Париж интимный (сборник) - Страница 124


К оглавлению

124

Была она женщина высокого роста, строгая, рассудительная. Все рассчитывала и знала наперед. Как сказала, что приедет на полгода, так и прожила в Париже полгода, а потом уехала обратно в Россию. Там, видите ли, у нее осталось много дорогого: рояль, арфа, ноты, давние знакомства, любимый город, привычная квартира... Совсем ничего в ней не чувствовалось общего с младшей сестрой. Та вся состояла из доброты, ласки и очаровательной лени...

Дядя Аркадий и Кира не только тесно и нежно подружились, но от материнских выговоров стали как бы заговорщиками. Свой у них образовался язык, свои маленькие секреты, пожалуй, своя особая жизнь.

Ну, разве взрослые могли бы догадаться, что в этом милом и смешном союзе дядя Аркадий Васильевич потерял не только свое имя и отчество, но даже и родственное звание дяди? Для них двух, исключительно для них, он носил загадочное имя – Феофан.

Началось это с того, что однажды Аркадий прочитал девочке какие-то детские стишки. Они понравились. Прочитали еще раз и еще. Там, между прочим, были две смешные строчки:


С Феофаном шутки плохи:
Он не любит, если блохи.

Эти две строчки остались в памяти и так часто повторялись вслух, что взрослые вышли, наконец, из терпения.

– Да оставьте вы вашего дурацкого Феофана в покое. Надоели.

Но однажды, когда два друга, после обеда, сидели в своем любимом, уютном уголке, на широчайшем кожаном диване в гостиной, Кира вдруг вытаращила глаза – черные бусинки – и спросила:

– А почему он не любит, если?..

– Не знаю. Такой уж он непонятный человек.

– А ты его видел?

– Каждый день вижу.

– Где?

– У нас дома.

– А я его видела?

– Всегда видишь.

– А теперь?

– И теперь.

Кира закусила нижнюю губку. Потом спросила доверчивым шепотом:

– Скажи, может быть, ты сам и есть Феофан?

Дядя нагнулся совсем близко к ее маленькому ушку и еле слышно шепнул:

– Да, Кирочка. Это я – Феофан. Только «им» не надо знать. Пусть это будет между нами тайна. Понимаешь?

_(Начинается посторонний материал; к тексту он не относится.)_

(* Let $A$ be a $J_p$-set in $(\mathbb{N},+)$ and let $B\subseteq\mathbb{N}$ be finite. Then $A\setminus B$ is a $J_p$-set in $(\mathbb{N},+)$.
   Context: $\mathbb{N}=\{1,2,\dots\}$. $\mathbb{P}$ denotes the set of polynomials with coefficients in $\mathbb{N}\cup\{0\}$ and zero constant term which map $\mathbb{N}$ into $\mathbb{N}$. $\mathcal{P}_f(X)$ is the set of nonempty finite subsets of $X$, and ${}^{\mathbb{N}}\mathbb{N}$ the set of sequences in $\mathbb{N}$. For $R\in\mathcal{P}_f(\mathbb{P})$, $L\in\mathcal{P}_f({}^{\mathbb{N}}\mathbb{N})$, $a\in\mathbb{N}$, $H\in\mathcal{P}_f(\mathbb{N})$, $S_{R,L}(a,H)=\{a+f(\sum_{t\in H}g(t)): f\in R, g\in L\}$. $A\subseteq\mathbb{N}$ is a $J_p$-set if for every $R\in\mathcal{P}_f(\mathbb{P})$ and $L\in\mathcal{P}_f({}^{\mathbb{N}}\mathbb{N})$ there exist $a\in\mathbb{N}$ and $H\in\mathcal{P}_f(\mathbb{N})$ with $S_{R,L}(a,H)\subseteq A$. *)

theory Defs
  imports "HOL-Computational_Algebra.Polynomial"
begin

text \<open>N = {1,2,...} is represented by the positive naturals.
  The class P: polynomials with coefficients in N \<union> {0}, zero constant term,
  mapping N into N.\<close>
definition Pset :: "nat poly set" where
  "Pset = {f. poly f 0 = 0 \<and> (\<forall>n::nat. n \<ge> 1 \<longrightarrow> poly f n \<ge> 1)}"

definition Seqs :: "(nat \<Rightarrow> nat) set" where
  "Seqs = {g. \<forall>t::nat. t \<ge> 1 \<longrightarrow> g t \<ge> 1}"

definition S_RL :: "nat poly set \<Rightarrow> (nat \<Rightarrow> nat) set \<Rightarrow> nat \<Rightarrow> nat set \<Rightarrow> nat set" where
  "S_RL R L a H = {a + poly f (\<Sum>t\<in>H. g t) | f g. f \<in> R \<and> g \<in> L}"

definition Jp_set :: "nat set \<Rightarrow> bool" where
  "Jp_set A \<longleftrightarrow> A \<subseteq> {1..} \<and>
     (\<forall>R L. finite R \<and> R \<noteq> {} \<and> R \<subseteq> Pset \<and> finite L \<and> L \<noteq> {} \<and> L \<subseteq> Seqs \<longrightarrow>
        (\<exists>a H. a \<ge> 1 \<and> finite H \<and> H \<noteq> {} \<and> H \<subseteq> {1..} \<and> S_RL R L a H \<subseteq> A))"

end

theory Submission
  imports Defs
begin

text \<open>The witnesses \<open>(a, H)\<close> of a \<open>J\<^sub>p\<close>-set can be pushed beyond any bound \<open>n\<close>, so
  finitely many points do not matter. Put \<open>K = n + 1\<close> and replace every sequence \<open>g\<close> by its
  block sums \<open>g' t = (\<Sum>i<K. g (K t + i))\<close>. A witness \<open>(a, H)\<close> for the block sums yields the
  witness \<open>(a, H')\<close> for the original sequences, where \<open>H'\<close> is the union of the blocks indexed
  by \<open>H\<close>, since \<open>(\<Sum>t\<in>H. g' t) = (\<Sum>s\<in>H'. g s)\<close>. Every block sum is at least \<open>K\<close>, and
  \<open>f x \<ge> x\<close> for \<open>f \<in> Pset\<close>, so all elements of \<open>S_RL R L a H'\<close> exceed \<open>n\<close>.\<close>

lemma mult_poly_one_le_poly:
  fixes f :: "nat poly"
  assumes "poly f 0 = 0"
  shows "n * poly f 1 \<le> poly f n"
proof (cases "n = 0")
  case True
  with assms show ?thesis by simp
next
  case False
  have "coeff f i * n \<le> coeff f i * n ^ i" for i
  proof (cases "i = 0")
    case True
    with assms show ?thesis by (simp add: poly_0_coeff_0)
  next
    case False
    with \<open>n \<noteq> 0\<close> show ?thesis by (simp add: self_le_power)
  qed
  then have "(\<Sum>i\<le>degree f. coeff f i * n) \<le> (\<Sum>i\<le>degree f. coeff f i * n ^ i)"
    by (rule sum_mono)
  then show ?thesis
    by (simp add: poly_altdef sum_distrib_left mult.commute)
qed

lemma Pset_poly_ge_self:
  assumes "f \<in> Pset"
  shows "n \<le> poly f n"
proof -
  have "poly f 0 = 0" "1 \<le> poly f 1"
    using assms by (auto simp: Pset_def)
  then have "n * 1 \<le> n * poly f 1"
    by (intro mult_le_mono2)
  also have "\<dots> \<le> poly f n"
    using \<open>poly f 0 = 0\<close> by (rule mult_poly_one_le_poly)
  finally show ?thesis by simp
qed

definition block_sum :: "nat \<Rightarrow> (nat \<Rightarrow> nat) \<Rightarrow> nat \<Rightarrow> nat" where
  "block_sum K g t = (\<Sum>i<K. g (K * t + i))"

definition blocks :: "nat \<Rightarrow> nat set \<Rightarrow> nat set" where
  "blocks K H = (\<lambda>(t, i). K * t + i) ` (H \<times> {..<K})"

lemma inj_on_block_index: "inj_on (\<lambda>(t, i). K * t + i) (H \<times> {..<K::nat})"
proof (rule inj_onI, clarify)
  fix t i t' i' :: nat
  assume "i < K" "i' < K" "K * t + i = K * t' + i'"
  then have "(K * t + i) div K = (K * t' + i') div K" "(K * t + i) mod K = (K * t' + i') mod K"
    by simp_all
  with \<open>i < K\<close> \<open>i' < K\<close> show "t = t' \<and> i = i'" by simp
qed

lemma sum_blocks: "sum g (blocks K H) = (\<Sum>t\<in>H. block_sum K g t)"
  unfolding blocks_def block_sum_def sum.reindex[OF inj_on_block_index] sum.cartesian_product
  by (simp add: split_def)

lemma finite_blocks: "finite H \<Longrightarrow> finite (blocks K H)"
  by (simp add: blocks_def)

lemma blocks_nonempty: "H \<noteq> {} \<Longrightarrow> K \<noteq> 0 \<Longrightarrow> blocks K H \<noteq> {}"
  by (auto simp: blocks_def)

lemma blocks_subset_positive:
  assumes "H \<subseteq> {1..}" "K \<noteq> 0"
  shows "blocks K H \<subseteq> {1..}"
proof
  fix s assume "s \<in> blocks K H"
  then obtain t i where "t \<in> H" "s = K * t + i"
    by (auto simp: blocks_def)
  with assms show "s \<in> {1..}" by (auto simp: Suc_le_eq)
qed

lemma block_sum_ge:
  assumes "g \<in> Seqs" "1 \<le> t"
  shows "K \<le> block_sum K g t"
proof -
  have "1 \<le> g (K * t + i)" if "i < K" for i
    using assms that by (auto simp: Seqs_def Suc_le_eq)
  then have "(\<Sum>i<K. 1) \<le> block_sum K g t"
    unfolding block_sum_def by (intro sum_mono) simp
  then show ?thesis by simp
qed

lemma block_sum_in_Seqs:
  assumes "g \<in> Seqs" "K \<noteq> 0"
  shows "block_sum K g \<in> Seqs"
  unfolding Seqs_def
proof (intro CollectI allI impI)
  fix t :: nat assume "1 \<le> t"
  then have "K \<le> block_sum K g t" by (rule block_sum_ge[OF assms(1)])
  with assms(2) show "1 \<le> block_sum K g t" by linarith
qed

lemma S_RL_blocks: "S_RL R L a (blocks K H) = S_RL R (block_sum K ` L) a H"
  by (auto simp: S_RL_def sum_blocks)

lemma S_RL_ge:
  assumes "R \<subseteq> Pset" and "\<And>g. g \<in> L \<Longrightarrow> m \<le> sum g H" and "x \<in> S_RL R L a H"
  shows "m \<le> x"
proof -
  obtain f g where "f \<in> R" "g \<in> L" "x = a + poly f (sum g H)"
    using assms(3) by (auto simp: S_RL_def)
  have "m \<le> sum g H"
    using \<open>g \<in> L\<close> by (rule assms(2))
  also have "\<dots> \<le> poly f (sum g H)"
    using \<open>f \<in> R\<close> assms(1) by (intro Pset_poly_ge_self) auto
  finally show ?thesis
    using \<open>x = a + poly f (sum g H)\<close> by simp
qed

lemma Jp_setI:
  assumes "A \<subseteq> {1..}"
    and "\<And>R L. \<lbrakk>finite R; R \<noteq> {}; R \<subseteq> Pset; finite L; L \<noteq> {}; L \<subseteq> Seqs\<rbrakk> \<Longrightarrow>
      \<exists>a H. 1 \<le> a \<and> finite H \<and> H \<noteq> {} \<and> H \<subseteq> {1..} \<and> S_RL R L a H \<subseteq> A"
  shows "Jp_set A"
  using assms by (simp add: Jp_set_def)

lemma Jp_setD:
  assumes "Jp_set A" "finite R" "R \<noteq> {}" "R \<subseteq> Pset" "finite L" "L \<noteq> {}" "L \<subseteq> Seqs"
  obtains a H where "1 \<le> a" "finite H" "H \<noteq> {}" "H \<subseteq> {1..}" "S_RL R L a H \<subseteq> A"
proof -
  have "\<exists>a H. 1 \<le> a \<and> finite H \<and> H \<noteq> {} \<and> H \<subseteq> {1..} \<and> S_RL R L a H \<subseteq> A"
    using assms unfolding Jp_set_def by simp
  with that show thesis by blast
qed

lemma Jp_set_positive: "Jp_set A \<Longrightarrow> A \<subseteq> {1..}"
  by (simp add: Jp_set_def)

lemma Jp_set_superset:
  assumes "Jp_set A" "A \<subseteq> A'" "A' \<subseteq> {1..}"
  shows "Jp_set A'"
proof (rule Jp_setI)
  fix R L
  assume "finite R" "R \<noteq> {}" "R \<subseteq> Pset" "finite L" "L \<noteq> {}" "L \<subseteq> Seqs"
  with assms(1) obtain a H where "1 \<le> a" "finite H" "H \<noteq> {}" "H \<subseteq> {1..}" "S_RL R L a H \<subseteq> A"
    by (rule Jp_setD)
  with assms(2) show "\<exists>a H. 1 \<le> a \<and> finite H \<and> H \<noteq> {} \<and> H \<subseteq> {1..} \<and> S_RL R L a H \<subseteq> A'"
    by blast
qed (fact assms(3))

lemma Jp_set_Int_greaterThan:
  assumes "Jp_set A"
  shows "Jp_set (A \<inter> {n<..})"
proof (rule Jp_setI)
  show "A \<inter> {n<..} \<subseteq> {1..}"
    using Jp_set_positive[OF assms] by blast
next
  fix R L
  assume R: "finite R" "R \<noteq> {}" "R \<subseteq> Pset" and L: "finite L" "L \<noteq> {}" "L \<subseteq> Seqs"
  define K where "K = Suc n"
  have "finite (block_sum K ` L)" "block_sum K ` L \<noteq> {}" "block_sum K ` L \<subseteq> Seqs"
    using L block_sum_in_Seqs by (auto simp: K_def)
  with assms R obtain a H where aH: "1 \<le> a" "finite H" "H \<noteq> {}" "H \<subseteq> {1..}"
    and SA: "S_RL R (block_sum K ` L) a H \<subseteq> A"
    by (rule Jp_setD)
  have "K \<le> sum g (blocks K H)" if "g \<in> L" for g
  proof -
    obtain t where "t \<in> H" using aH(3) by blast
    then have "K \<le> block_sum K g t"
      using aH(4) L that by (intro block_sum_ge) auto
    also have "\<dots> \<le> (\<Sum>t\<in>H. block_sum K g t)"
      by (rule member_le_sum[OF \<open>t \<in> H\<close> _ aH(2)]) simp
    finally show ?thesis by (simp add: sum_blocks)
  qed
  then have "K \<le> x" if "x \<in> S_RL R L a (blocks K H)" for x
    using that by (rule S_RL_ge[OF R(3)])
  then have "S_RL R L a (blocks K H) \<subseteq> {n<..}"
    by (auto simp: K_def Suc_le_eq)
  moreover have "S_RL R L a (blocks K H) \<subseteq> A"
    using SA by (simp add: S_RL_blocks)
  moreover have "finite (blocks K H)"
    using aH(2) by (rule finite_blocks)
  moreover have "blocks K H \<noteq> {}"
    using aH(3) by (rule blocks_nonempty) (simp add: K_def)
  moreover have "blocks K H \<subseteq> {1..}"
    using aH(4) by (rule blocks_subset_positive) (simp add: K_def)
  ultimately show "\<exists>a H. 1 \<le> a \<and> finite H \<and> H \<noteq> {} \<and> H \<subseteq> {1..} \<and> S_RL R L a H \<subseteq> A \<inter> {n<..}"
    using aH(1) by blast
qed

theorem theorem5p3:
  fixes A B :: "nat set"
  assumes "Jp_set A" and "B \<subseteq> {1..}" and "finite B"
  shows "Jp_set (A - B)"
proof -
  obtain n where "B \<subseteq> {..n}"
    using \<open>finite B\<close> finite_nat_iff_bounded_le by blast
  then have "A \<inter> {n<..} \<subseteq> A - B" by auto
  moreover have "A - B \<subseteq> {1..}"
    using Jp_set_positive[OF \<open>Jp_set A\<close>] by blast
  ultimately show ?thesis
    using Jp_set_superset Jp_set_Int_greaterThan \<open>Jp_set A\<close> by blast
qed

end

Черные глаза девочки засияли от восторга.

– Да, да. Никому! Никогда. А ты мне позволишь звать тебя потихоньку Феофаном?

– Хорошо. Зови. Но только помни...

– О да! Мы потихоньку... От них секрет?

– Страшный секрет.

– Страшный?

– Да.

Новоявленный Феофан высоко поднял брови и низко опустил их.

– Ах, мой милый, собственный Феофан! Дай, я тебя крепко поцелую. Вот так.

Что за прелесть, когда между двумя друзьями, большим и маленьким, есть тайна, да еще и страшная. Чудо! Для всего света они были Аркадий Васильевич и Кира и лишь только наедине – Кира и Феофан.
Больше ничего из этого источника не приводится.